Tuesday, December 07, 2010

Review: Swords & Dark Magic: The New Sword and Sorcery edited by Jonathan Strahan and Lou Anders

Swords & Dark Magic: The New Sword and Sorcery edited by Jonathan Strahan and Lou Anders (Book Depository, Powell’s Books, Indiebound) collects original stories from authors who were there near the beginning of sword and sorcery and from the new guys and gals, some of whom have earned reputations as the latest and greatest. As a whole the anthology succeeds with its goal: showcase Sword and Sorcery. These stories are fun and entertaining adventures often full of dark humor. They are not, nor should they be, powerful short stories that punch you in the gut and haunt your dreams – well, OK, some of these stories will punch you in the gut and then kick you in the face, spit on your back and maniacally laugh between guzzles of some horrendous, potent beverage, but I think the point comes across that this is much more of collection of entertainment than deeply symbolic stories on the human condition.

As I was reading I actually kept decent notes for once, so I have at least some comment about every story in the anthology – of course these comments reflect my reading experience and don’t really stand in as true reviews and will probably leave you wanting, but they are what they are.

Introduction

Anders and Strahan do a good job with a complete and illuminating run-down of sword and sorcery as a genre.
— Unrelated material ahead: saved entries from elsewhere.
text \<open>The \<open>X\<close>-recursion in the ring \<open>nc\<close>: the bidegree-\<open>(w+1,b)\<close> part of \<open>D_X h = B_h X\<close>.\<close>
lemma recursion_X_nc:
  assumes wb: "w + b \<ge> 1"
  shows "scal (of_nat (w + 1)) * component (w + 1) b hs =
    scal (1/2) * ad genX (component w b hs) +
    (\<Sum>r\<in>{1..w+b}. scal (bernoulli (2*r) / fact (2*r)) * (\<Sum>ps\<in>tuples r w b. nested_ad ps genX))"
proof -
  have brackets: "component (Suc w) b ((ad hs ^^ j) genX) = (\<Sum>ps\<in>lists_eq j w b. nested_ad ps genX)" for j
    using component_adp_homogeneous[of genX 1 0 w b j] by (simp add: component_genX)
  have "scal (of_nat (w + 1)) * component (w + 1) b hs = component (Suc w) b (bern_op hs genX)"
    by (simp add: component_der_False flip: der_X_hs)
  also have "\<dots> = scal (-1/2) * component (Suc w) b ((ad hs ^^ 1) genX) +
      (\<Sum>r\<in>{1..w+b}. scal (bernoulli (2*r) / fact (2*r)) * component (Suc w) b ((ad hs ^^ (2*r)) genX))"
  proof -
    have "component (Suc w) b genX = 0" using wb by (auto simp: component_genX)
    then show ?thesis
      using component_bern_op[OF order_ge_hs order_ge_genX, of "Suc w" b "w + b"] by simp
  qed
  also have "\<dots> = scal (-1/2) * ad (component w b hs) genX +
      (\<Sum>r\<in>{1..w+b}. scal (bernoulli (2*r) / fact (2*r)) * (\<Sum>ps\<in>tuples r w b. nested_ad ps genX))"
    by (simp only: brackets sum_lists_eq_tuples) (simp add: lists_eq_Suc_0)
  finally show ?thesis by (simp add: ad_antisym[of _ genX] scal_uminus)
qed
I felt like I learned something, which is as it should be.

"Goats of Glory" - Steven Erikson

This story embraces the idea of Sword and Sorcery a bit more fully than many of the other stories in this anthology. A small group of mysterious soldiers are ambushed by a nest of nasty demons – I’ve said before that Erikson excels in the short form and this is a pretty good example of it. And nobody names characters better.


"Tides Elba: A Tale of the Black Company" - Glen Cook

This new Black Company story is one of the standouts in the anthology. It’s fun, full of dark humor and makes me want to read more of Cook.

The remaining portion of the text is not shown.